* _WHAT YOU HAVE TO DO_:
When you reach the line containing "((2 * real k" in the data below, begin returning lines exactly as written, and stop once the line containing "Suc k * (fact" has been returned.

Saved entries

● ● ● ● ●

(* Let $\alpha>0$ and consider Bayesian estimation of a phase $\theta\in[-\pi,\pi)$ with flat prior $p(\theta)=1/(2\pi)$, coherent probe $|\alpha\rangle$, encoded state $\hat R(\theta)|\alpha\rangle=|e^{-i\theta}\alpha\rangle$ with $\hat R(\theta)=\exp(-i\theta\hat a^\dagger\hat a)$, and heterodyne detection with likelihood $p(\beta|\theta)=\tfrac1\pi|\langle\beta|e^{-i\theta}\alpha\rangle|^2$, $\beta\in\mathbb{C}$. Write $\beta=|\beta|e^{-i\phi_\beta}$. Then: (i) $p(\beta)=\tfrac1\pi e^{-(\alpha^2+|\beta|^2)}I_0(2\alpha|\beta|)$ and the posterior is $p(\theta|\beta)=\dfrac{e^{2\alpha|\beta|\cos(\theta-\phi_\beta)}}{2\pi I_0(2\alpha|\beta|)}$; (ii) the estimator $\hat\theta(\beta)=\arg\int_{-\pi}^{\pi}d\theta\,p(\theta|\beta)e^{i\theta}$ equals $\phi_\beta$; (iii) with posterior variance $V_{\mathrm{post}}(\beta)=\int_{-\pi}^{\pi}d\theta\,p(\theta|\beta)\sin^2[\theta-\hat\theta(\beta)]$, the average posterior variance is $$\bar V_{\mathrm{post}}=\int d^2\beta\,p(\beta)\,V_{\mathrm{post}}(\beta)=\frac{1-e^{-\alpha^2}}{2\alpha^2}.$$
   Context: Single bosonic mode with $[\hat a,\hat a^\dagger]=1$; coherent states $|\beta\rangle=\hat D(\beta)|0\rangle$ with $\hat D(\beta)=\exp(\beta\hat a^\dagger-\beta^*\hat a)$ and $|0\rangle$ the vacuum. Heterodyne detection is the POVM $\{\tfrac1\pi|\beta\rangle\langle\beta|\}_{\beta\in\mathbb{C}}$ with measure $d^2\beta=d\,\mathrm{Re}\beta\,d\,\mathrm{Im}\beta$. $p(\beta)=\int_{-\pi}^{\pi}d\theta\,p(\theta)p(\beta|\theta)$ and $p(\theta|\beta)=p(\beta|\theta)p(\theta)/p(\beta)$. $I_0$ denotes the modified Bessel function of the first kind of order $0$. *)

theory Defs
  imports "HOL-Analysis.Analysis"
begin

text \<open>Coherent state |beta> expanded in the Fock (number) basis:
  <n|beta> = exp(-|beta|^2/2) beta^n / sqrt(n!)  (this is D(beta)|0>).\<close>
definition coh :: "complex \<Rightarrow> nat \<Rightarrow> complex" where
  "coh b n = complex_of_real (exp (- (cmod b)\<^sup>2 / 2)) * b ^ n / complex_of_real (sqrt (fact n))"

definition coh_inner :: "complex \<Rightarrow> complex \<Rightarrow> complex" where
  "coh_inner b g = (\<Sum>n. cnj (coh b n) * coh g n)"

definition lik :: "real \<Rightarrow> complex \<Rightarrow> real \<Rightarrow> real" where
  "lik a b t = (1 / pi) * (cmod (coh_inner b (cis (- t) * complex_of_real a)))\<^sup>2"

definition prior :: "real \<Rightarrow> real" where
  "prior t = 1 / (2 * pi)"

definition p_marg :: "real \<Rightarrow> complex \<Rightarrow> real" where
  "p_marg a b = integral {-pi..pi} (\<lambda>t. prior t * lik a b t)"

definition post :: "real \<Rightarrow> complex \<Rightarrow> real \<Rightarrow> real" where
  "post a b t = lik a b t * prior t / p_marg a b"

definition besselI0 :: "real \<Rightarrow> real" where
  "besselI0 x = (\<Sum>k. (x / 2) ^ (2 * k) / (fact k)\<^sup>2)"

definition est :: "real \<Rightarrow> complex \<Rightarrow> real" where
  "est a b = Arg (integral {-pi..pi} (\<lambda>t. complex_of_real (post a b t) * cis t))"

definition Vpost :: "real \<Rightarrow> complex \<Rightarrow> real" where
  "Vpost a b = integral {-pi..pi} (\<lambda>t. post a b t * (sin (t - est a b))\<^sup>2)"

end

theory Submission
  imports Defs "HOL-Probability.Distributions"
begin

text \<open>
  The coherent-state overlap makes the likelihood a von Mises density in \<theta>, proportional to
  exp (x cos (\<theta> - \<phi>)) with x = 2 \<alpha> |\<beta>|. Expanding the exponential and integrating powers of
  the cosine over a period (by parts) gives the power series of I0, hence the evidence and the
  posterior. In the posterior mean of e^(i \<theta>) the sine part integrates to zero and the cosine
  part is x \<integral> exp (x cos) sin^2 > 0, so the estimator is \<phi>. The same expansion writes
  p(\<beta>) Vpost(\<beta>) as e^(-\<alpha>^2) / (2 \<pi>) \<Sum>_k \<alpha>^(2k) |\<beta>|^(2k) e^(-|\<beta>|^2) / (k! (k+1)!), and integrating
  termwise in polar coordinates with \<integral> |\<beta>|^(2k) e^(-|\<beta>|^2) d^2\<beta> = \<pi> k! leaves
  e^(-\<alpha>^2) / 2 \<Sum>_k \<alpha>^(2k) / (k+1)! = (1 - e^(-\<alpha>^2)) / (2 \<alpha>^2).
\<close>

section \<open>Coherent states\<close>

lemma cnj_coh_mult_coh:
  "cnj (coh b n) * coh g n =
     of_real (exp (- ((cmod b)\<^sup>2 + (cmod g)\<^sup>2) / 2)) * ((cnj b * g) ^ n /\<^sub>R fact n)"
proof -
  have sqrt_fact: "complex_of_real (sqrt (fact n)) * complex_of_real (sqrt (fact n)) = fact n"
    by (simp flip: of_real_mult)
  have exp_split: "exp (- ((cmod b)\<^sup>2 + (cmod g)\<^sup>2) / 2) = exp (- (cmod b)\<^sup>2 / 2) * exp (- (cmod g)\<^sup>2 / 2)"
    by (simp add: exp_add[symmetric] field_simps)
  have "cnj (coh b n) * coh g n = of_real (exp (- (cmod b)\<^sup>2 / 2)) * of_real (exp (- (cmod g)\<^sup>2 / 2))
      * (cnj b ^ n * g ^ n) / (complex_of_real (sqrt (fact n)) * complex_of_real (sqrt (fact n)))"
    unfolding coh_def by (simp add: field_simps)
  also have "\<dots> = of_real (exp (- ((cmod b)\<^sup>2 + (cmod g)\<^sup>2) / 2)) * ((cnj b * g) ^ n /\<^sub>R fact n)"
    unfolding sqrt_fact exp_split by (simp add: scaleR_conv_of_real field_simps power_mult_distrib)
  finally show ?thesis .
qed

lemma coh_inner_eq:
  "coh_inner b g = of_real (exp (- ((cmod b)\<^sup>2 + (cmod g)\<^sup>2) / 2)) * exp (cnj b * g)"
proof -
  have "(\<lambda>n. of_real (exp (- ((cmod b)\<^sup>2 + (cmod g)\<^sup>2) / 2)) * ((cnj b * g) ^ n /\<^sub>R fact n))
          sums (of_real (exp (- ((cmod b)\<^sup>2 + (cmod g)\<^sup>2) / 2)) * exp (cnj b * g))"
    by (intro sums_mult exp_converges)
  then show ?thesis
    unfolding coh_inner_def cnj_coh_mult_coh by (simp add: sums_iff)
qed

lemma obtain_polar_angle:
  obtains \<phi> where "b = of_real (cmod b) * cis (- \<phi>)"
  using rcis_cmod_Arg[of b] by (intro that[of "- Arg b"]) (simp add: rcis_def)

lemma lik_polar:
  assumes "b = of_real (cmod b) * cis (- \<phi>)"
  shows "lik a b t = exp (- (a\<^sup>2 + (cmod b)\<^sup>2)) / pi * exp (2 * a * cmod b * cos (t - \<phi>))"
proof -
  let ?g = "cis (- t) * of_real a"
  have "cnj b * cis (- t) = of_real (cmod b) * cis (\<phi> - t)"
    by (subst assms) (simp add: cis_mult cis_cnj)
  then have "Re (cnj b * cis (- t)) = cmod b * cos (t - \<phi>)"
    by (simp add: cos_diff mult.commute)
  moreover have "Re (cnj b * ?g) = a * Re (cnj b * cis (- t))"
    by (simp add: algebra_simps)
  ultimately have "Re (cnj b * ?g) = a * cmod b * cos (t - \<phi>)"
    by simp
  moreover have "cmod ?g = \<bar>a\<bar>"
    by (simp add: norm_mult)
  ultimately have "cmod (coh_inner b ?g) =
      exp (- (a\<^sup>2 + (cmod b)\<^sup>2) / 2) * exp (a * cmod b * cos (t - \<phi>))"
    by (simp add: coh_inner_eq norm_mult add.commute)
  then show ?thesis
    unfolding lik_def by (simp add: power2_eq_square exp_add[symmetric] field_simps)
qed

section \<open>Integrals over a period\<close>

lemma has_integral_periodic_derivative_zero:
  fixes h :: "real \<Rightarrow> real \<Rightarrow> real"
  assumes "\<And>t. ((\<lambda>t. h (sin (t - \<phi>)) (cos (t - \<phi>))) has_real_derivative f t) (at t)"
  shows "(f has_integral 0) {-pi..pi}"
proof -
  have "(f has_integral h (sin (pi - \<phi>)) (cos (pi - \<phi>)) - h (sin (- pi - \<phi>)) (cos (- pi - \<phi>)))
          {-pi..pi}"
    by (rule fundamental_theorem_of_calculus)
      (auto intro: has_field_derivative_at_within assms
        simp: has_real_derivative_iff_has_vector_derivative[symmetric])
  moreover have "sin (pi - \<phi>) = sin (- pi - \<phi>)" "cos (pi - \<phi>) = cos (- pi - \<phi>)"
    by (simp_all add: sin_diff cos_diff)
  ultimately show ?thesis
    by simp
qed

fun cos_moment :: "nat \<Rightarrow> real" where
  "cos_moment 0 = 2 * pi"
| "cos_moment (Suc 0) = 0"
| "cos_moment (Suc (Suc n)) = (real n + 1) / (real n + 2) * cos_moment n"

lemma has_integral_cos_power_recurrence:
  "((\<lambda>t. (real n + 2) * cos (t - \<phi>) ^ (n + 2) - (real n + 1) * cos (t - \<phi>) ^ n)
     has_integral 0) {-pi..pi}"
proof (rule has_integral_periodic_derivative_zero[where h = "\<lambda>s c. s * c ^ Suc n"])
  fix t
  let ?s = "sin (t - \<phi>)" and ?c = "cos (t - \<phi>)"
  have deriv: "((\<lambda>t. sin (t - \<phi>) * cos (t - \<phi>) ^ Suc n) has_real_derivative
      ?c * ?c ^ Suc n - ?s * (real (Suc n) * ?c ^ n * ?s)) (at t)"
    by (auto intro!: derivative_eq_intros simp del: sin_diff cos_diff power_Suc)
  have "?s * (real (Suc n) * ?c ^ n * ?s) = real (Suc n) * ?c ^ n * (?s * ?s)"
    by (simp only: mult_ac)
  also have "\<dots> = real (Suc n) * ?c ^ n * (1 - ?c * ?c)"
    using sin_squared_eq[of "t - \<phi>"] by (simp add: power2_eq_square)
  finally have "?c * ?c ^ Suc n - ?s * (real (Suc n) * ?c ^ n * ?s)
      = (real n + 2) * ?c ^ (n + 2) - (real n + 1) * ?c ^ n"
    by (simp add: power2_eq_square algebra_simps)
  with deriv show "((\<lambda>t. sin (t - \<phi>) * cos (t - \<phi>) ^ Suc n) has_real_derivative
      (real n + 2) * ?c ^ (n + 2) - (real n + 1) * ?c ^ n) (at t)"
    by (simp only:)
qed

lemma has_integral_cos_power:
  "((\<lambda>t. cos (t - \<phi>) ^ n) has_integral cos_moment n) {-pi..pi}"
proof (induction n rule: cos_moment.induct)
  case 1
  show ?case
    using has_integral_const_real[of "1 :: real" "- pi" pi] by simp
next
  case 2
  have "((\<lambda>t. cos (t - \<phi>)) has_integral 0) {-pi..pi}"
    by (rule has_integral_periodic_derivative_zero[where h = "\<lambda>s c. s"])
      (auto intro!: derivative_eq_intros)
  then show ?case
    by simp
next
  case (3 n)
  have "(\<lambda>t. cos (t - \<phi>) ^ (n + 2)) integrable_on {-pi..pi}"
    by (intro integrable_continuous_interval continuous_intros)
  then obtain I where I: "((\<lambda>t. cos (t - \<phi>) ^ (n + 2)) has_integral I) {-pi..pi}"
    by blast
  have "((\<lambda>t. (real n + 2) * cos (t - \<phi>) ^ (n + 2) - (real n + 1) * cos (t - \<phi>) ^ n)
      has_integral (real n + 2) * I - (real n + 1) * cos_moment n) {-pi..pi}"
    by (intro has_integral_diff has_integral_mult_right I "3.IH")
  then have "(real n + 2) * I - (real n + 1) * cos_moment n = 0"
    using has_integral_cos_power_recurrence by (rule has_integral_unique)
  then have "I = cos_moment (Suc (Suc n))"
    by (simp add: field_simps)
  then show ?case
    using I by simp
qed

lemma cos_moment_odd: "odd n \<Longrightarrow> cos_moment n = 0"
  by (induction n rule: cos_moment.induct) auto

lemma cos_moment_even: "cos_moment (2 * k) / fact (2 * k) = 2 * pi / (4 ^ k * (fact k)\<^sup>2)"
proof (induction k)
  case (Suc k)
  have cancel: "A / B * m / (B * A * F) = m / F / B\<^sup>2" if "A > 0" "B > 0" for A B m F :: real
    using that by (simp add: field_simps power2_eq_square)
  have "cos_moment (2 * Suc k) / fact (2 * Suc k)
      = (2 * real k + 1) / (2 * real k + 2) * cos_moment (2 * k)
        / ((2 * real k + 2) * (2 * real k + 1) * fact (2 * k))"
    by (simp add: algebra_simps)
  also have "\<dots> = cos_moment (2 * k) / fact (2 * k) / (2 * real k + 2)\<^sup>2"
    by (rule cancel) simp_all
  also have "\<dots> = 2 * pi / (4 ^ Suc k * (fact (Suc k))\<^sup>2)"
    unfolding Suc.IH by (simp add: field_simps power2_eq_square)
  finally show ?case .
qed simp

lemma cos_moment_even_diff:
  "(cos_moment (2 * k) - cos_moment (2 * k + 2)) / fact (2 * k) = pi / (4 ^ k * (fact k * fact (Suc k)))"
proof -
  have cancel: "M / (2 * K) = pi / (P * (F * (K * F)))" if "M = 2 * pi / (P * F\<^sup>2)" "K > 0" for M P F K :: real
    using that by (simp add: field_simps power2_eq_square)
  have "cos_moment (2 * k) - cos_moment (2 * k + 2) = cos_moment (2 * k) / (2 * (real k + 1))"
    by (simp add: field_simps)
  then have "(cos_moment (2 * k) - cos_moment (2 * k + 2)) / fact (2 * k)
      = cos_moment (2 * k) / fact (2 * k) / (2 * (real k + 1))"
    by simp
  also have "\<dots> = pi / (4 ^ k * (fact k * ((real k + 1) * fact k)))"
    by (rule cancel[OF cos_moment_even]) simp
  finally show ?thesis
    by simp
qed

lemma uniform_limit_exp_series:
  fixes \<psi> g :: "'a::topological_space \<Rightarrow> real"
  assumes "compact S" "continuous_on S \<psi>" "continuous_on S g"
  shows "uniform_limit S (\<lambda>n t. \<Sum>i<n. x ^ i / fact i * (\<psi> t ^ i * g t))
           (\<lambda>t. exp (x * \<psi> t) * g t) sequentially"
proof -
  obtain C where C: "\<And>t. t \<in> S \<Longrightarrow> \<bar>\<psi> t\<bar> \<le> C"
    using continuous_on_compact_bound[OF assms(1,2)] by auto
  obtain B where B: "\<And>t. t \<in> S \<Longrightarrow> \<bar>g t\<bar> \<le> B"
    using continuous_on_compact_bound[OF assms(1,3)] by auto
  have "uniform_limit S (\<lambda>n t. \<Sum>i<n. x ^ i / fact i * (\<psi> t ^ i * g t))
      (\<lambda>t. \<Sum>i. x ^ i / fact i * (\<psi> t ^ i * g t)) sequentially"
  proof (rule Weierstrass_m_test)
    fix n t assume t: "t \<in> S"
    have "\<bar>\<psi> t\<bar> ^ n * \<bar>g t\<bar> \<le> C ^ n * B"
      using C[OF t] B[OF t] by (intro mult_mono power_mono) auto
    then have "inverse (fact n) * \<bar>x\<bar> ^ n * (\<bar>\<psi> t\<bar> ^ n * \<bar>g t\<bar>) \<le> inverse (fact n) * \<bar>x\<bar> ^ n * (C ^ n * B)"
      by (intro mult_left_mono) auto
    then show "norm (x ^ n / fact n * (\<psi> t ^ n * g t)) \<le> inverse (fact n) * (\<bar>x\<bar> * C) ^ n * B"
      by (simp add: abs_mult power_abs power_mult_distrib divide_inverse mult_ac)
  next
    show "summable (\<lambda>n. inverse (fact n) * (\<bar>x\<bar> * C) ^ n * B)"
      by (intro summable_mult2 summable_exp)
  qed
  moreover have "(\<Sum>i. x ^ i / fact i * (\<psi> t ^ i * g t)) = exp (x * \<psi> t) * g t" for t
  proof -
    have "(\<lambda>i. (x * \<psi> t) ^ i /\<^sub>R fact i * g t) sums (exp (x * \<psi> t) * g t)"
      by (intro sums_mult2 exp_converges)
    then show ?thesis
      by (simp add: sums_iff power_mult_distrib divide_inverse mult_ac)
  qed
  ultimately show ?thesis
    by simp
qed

● ● ● ● ●

* _RESULT OF THIS TASK_:
        / ((2 * real k + 2) * (2 * real k + 1) * fact (2 * k))"
    by (simp add: algebra_simps)
  also have "\<dots> = cos_moment (2 * k) / fact (2 * k) / (2 * real k + 2)\<^sup>2"
    by (rule cancel) simp_all
  also have "\<dots> = 2 * pi / (4 ^ Suc k * (fact (Suc k))\<^sup>2)"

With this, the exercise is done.